# Your instructions
Retype all of the data without changing a single word.

# Record extracts
(* Let $B\in M_n(\mathbb{Z})$, $B'\in M_{n'}(\mathbb{Z})$ be skew-symmetric and let $R\in M_{n',n}(\mathbb{Z}_{\ge0})$ satisfy ${}^tR\,B'\,R=B$. Then the algebra homomorphism $\psi_R:\mathcal{S}_B\to\mathcal{S}_{B'}$, $\psi_R(y_i)=\,:y'^{Rv_i}:$, is continuous with respect to the degree topologies if and only if every column of $R$ contains a nonzero entry.
   Context: For skew-symmetric $B\in M_n(\mathbb{Z})$, $\mathcal{S}_B$ is the skew polynomial algebra over $\mathbb{Q}(q)$ with basis the monomials $y^{\bf m}=y_1^{m_1}\cdots y_n^{m_n}$, ${\bf m}\in\mathbb{Z}_{\ge0}^n$, and multiplication determined by $y_iy_j=q^{2b_{ij}}y_jy_i$; similarly $\mathcal{S}_{B'}$ with generators $y'_k$. Normal ordering: $:y^{\bf m}:=q^{{}^t{\bf m}L{\bf m}}y^{\bf m}$ with $L$ the strictly lower triangular part of $B$ (similarly for $B'$). The degree topology on $\mathcal{S}_B$ is the linear topology whose basic neighbourhoods of $0$ are the spans of monomials of total degree $m_1+\dots+m_n\ge N$, $N\ge0$; its completion is the skew formal power series algebra $\widehat{\mathcal{S}_B}$. $v_i$ is the $i$-th unit vector. *)

theory Defs
  imports "HOL-Analysis.Analysis" "HOL-Computational_Algebra.Fraction_Field"
    "HOL-Computational_Algebra.Polynomial"
begin

(* Base field Q(q) = fraction field of Q[q]; indices are 0-based: y_0,...,y_{n-1}. *)
type_synonym qq = "rat poly fract"

definition qvar :: qq where "qvar = Fract [:0, 1:] 1"

type_synonym mon = "nat \<Rightarrow> nat"

definition mons :: "nat \<Rightarrow> mon set" where
  "mons n = {m. \<forall>i\<ge>n. m i = 0}"

definition madd :: "mon \<Rightarrow> mon \<Rightarrow> mon" where
  "madd a b = (\<lambda>k. a k + b k)"

definition mdeg :: "nat \<Rightarrow> mon \<Rightarrow> nat" where
  "mdeg n m = (\<Sum>i<n. m i)"

(* elements of S_B: finitely supported coefficient functions on monomials *)
type_synonym elt = "mon \<Rightarrow> qq"

definition supp :: "elt \<Rightarrow> mon set" where
  "supp f = {m. f m \<noteq> 0}"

# Task result
(* Let $B\in M_n(\mathbb{Z})$, $B'\in M_{n'}(\mathbb{Z})$ be skew-symmetric and let $R\in M_{n',n}(\mathbb{Z}_{\ge0})$ satisfy ${}^tR\,B'\,R=B$. Then the algebra homomorphism $\psi_R:\mathcal{S}_B\to\mathcal{S}_{B'}$, $\psi_R(y_i)=\,:y'^{Rv_i}:$, is continuous with respect to the degree topologies if and only if every column of $R$ contains a nonzero entry.
   Context: For skew-symmetric $B\in M_n(\mathbb{Z})$, $\mathcal{S}_B$ is the skew polynomial algebra over $\mathbb{Q}(q)$ with basis the monomials $y^{\bf m}=y_1^{m_1}\cdots y_n^{m_n}$, ${\bf m}\in\mathbb{Z}_{\ge0}^n$, and multiplication determined by $y_iy_j=q^{2b_{ij}}y_jy_i$; similarly $\mathcal{S}_{B'}$ with generators $y'_k$. Normal ordering: $:y^{\bf m}:=q^{{}^t{\bf m}L{\bf m}}y^{\bf m}$ with $L$ the strictly lower triangular part of $B$ (similarly for $B'$). The degree topology on $\mathcal{S}_B$ is the linear topology whose basic neighbourhoods of $0$ are the spans of monomials of total degree $m_1+\dots+m_n\ge N$, $N\ge0$; its completion is the skew formal power series algebra $\widehat{\mathcal{S}_B}$. $v_i$ is the $i$-th unit vector. *)

theory Defs
  imports "HOL-Analysis.Analysis" "HOL-Computational_Algebra.Fraction_Field"
    "HOL-Computational_Algebra.Polynomial"
begin

(* Base field Q(q) = fraction field of Q[q]; indices are 0-based: y_0,...,y_{n-1}. *)
type_synonym qq = "rat poly fract"

definition qvar :: qq where "qvar = Fract [:0, 1:] 1"

type_synonym mon = "nat \<Rightarrow> nat"

definition mons :: "nat \<Rightarrow> mon set" where
  "mons n = {m. \<forall>i\<ge>n. m i = 0}"

definition madd :: "mon \<Rightarrow> mon \<Rightarrow> mon" where
  "madd a b = (\<lambda>k. a k + b k)"

definition mdeg :: "nat \<Rightarrow> mon \<Rightarrow> nat" where
  "mdeg n m = (\<Sum>i<n. m i)"

(* elements of S_B: finitely supported coefficient functions on monomials *)
type_synonym elt = "mon \<Rightarrow> qq"

definition supp :: "elt \<Rightarrow> mon set" where
  "supp f = {m. f m \<noteq> 0}"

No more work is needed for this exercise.